▸ **AIM OF THE TASK**: From the records below, copy out exactly the lines from the one containing "0 first leave" to the one containing "the domain, and", both included. Add nothing else.

▸ **SUPPLIED RECORDS**:
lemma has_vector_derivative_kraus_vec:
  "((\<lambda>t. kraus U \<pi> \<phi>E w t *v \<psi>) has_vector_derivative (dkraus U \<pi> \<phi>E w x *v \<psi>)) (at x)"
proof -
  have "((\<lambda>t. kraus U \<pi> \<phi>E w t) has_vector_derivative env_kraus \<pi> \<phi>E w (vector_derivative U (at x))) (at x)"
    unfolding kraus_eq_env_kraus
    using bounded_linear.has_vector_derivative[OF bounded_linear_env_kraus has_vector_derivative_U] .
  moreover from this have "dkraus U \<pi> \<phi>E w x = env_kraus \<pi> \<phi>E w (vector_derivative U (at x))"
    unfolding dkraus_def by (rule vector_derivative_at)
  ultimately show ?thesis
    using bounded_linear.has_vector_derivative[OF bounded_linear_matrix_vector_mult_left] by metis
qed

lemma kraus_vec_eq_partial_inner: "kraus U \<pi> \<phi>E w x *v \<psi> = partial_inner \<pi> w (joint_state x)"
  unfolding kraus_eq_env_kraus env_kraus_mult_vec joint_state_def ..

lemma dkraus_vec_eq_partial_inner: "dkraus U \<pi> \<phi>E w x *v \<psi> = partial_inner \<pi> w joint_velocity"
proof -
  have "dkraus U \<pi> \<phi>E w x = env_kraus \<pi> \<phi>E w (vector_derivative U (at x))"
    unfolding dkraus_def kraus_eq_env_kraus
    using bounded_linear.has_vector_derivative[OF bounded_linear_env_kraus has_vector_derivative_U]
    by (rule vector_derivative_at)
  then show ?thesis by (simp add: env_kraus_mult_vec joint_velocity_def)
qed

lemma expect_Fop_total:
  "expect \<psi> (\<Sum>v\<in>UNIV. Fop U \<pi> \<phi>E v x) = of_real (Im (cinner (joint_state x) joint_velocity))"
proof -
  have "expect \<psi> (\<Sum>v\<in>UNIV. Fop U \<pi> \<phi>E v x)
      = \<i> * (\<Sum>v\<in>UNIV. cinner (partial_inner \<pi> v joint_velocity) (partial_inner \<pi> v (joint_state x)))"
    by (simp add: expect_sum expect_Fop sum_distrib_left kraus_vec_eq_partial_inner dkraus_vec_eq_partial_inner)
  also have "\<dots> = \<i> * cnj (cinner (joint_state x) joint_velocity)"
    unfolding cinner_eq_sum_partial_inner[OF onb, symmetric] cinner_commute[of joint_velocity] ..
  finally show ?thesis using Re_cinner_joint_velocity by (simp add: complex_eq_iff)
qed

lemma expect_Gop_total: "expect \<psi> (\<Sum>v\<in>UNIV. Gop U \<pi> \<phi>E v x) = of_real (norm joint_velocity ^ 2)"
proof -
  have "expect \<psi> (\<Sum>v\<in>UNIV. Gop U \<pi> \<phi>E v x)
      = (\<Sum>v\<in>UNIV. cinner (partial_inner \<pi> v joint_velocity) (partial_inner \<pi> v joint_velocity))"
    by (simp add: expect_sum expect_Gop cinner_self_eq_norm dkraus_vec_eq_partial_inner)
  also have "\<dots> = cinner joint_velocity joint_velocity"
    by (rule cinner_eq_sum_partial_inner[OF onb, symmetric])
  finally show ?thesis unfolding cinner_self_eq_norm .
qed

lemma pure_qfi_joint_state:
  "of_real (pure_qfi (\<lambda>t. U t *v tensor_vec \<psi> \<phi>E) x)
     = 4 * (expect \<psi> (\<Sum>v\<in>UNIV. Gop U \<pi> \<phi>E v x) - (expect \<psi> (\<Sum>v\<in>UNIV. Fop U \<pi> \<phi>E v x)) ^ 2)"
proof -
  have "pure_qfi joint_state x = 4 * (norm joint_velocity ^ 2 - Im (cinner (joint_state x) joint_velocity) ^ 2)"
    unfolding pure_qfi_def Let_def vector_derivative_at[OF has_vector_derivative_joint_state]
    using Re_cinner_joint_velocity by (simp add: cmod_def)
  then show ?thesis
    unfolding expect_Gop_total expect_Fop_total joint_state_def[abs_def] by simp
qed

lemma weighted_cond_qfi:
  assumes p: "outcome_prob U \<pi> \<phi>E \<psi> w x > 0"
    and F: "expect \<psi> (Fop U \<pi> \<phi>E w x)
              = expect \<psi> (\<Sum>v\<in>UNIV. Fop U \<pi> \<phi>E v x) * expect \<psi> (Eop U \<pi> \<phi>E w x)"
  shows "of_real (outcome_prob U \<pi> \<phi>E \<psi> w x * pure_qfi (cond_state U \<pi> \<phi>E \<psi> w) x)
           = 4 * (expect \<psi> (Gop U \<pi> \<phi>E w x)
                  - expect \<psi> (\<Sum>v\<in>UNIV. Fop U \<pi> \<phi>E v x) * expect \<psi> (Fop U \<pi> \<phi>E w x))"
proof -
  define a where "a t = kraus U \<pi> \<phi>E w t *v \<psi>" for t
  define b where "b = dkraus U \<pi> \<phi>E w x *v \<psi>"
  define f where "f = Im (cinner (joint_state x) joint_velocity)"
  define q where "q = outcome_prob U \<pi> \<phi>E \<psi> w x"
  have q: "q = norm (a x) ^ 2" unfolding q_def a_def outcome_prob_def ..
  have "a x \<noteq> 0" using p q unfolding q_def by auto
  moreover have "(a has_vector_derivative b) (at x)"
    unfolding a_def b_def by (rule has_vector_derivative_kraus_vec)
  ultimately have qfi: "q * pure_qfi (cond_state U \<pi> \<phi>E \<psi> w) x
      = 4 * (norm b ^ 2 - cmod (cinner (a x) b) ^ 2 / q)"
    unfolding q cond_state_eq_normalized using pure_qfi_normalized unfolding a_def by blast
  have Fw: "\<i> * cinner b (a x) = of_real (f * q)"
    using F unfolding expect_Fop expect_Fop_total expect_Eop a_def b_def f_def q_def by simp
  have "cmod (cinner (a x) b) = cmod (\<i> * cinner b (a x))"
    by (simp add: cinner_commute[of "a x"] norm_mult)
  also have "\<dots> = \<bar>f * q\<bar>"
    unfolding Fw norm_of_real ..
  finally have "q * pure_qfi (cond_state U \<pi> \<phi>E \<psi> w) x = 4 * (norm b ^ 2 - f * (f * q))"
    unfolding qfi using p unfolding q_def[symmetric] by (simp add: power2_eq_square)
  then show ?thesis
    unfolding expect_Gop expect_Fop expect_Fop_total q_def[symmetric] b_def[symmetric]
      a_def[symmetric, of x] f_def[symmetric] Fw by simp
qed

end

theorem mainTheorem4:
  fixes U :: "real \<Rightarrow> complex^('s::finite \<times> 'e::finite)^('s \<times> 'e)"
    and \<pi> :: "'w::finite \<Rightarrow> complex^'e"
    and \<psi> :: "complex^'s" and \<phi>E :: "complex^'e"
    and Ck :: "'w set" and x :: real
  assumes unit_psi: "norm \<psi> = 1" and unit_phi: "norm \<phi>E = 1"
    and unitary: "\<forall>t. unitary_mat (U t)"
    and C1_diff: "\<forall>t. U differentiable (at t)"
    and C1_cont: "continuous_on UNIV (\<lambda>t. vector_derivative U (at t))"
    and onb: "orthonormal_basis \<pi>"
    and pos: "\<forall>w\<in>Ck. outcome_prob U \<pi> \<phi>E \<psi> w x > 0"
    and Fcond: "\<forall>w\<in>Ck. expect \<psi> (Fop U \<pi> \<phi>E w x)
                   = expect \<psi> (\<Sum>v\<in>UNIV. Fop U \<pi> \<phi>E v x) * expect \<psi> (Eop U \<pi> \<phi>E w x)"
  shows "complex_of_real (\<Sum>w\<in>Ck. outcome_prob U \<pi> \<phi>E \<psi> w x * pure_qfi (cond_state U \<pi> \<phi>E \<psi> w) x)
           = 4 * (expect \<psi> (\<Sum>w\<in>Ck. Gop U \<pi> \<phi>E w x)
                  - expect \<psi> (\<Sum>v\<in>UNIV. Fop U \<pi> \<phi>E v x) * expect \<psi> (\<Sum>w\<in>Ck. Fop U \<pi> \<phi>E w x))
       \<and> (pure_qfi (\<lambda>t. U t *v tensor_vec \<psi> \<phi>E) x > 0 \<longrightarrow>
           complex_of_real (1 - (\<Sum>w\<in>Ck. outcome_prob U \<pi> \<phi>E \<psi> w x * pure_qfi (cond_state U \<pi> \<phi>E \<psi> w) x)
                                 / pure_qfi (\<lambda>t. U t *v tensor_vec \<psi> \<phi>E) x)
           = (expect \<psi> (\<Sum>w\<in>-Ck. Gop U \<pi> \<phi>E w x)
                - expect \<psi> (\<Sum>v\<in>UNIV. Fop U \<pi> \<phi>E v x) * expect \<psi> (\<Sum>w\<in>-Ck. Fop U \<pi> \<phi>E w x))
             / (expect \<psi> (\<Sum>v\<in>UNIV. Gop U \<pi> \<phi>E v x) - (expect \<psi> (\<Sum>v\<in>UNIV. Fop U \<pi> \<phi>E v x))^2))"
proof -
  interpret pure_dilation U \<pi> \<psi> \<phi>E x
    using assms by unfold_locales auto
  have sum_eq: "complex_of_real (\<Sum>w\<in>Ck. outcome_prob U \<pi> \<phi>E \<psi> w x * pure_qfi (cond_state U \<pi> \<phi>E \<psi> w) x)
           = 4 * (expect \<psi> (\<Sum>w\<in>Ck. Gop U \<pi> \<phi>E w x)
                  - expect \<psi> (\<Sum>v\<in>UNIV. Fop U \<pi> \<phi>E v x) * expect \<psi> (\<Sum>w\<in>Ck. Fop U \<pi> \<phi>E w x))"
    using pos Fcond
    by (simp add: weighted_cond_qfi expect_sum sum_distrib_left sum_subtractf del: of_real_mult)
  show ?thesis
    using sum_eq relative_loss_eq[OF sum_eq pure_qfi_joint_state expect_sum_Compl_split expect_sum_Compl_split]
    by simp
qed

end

==

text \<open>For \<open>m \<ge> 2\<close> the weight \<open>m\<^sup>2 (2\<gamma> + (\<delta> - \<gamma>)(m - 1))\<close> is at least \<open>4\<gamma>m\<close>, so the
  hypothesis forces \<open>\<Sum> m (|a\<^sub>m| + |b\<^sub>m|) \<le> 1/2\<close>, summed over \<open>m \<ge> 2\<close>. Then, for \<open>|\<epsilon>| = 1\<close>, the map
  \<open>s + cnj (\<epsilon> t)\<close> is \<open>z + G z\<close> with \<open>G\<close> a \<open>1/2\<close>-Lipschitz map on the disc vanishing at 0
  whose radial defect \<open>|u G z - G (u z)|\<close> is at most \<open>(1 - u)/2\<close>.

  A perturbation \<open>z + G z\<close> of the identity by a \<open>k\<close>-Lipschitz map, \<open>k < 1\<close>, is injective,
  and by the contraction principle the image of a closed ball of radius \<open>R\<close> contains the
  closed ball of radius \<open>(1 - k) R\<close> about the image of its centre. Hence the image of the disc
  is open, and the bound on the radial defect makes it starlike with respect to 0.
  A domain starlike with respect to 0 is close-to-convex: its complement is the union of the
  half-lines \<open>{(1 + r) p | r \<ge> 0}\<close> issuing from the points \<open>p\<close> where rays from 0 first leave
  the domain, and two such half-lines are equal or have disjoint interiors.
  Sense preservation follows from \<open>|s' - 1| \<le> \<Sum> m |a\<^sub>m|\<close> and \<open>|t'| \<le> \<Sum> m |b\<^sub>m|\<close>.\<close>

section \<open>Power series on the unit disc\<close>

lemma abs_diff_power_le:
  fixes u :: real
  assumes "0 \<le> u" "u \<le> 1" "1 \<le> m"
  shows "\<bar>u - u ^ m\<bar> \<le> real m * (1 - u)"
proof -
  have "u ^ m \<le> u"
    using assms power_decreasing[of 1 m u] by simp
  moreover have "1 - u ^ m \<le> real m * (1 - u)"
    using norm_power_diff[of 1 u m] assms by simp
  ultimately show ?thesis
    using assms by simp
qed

▸ **EXPECTED OUTPUT**:
  half-lines \<open>{(1 + r) p | r \<ge> 0}\<close> issuing from the points \<open>p\<close> where rays from 0 first leave
  the domain, and two such half-lines are equal or have disjoint interiors.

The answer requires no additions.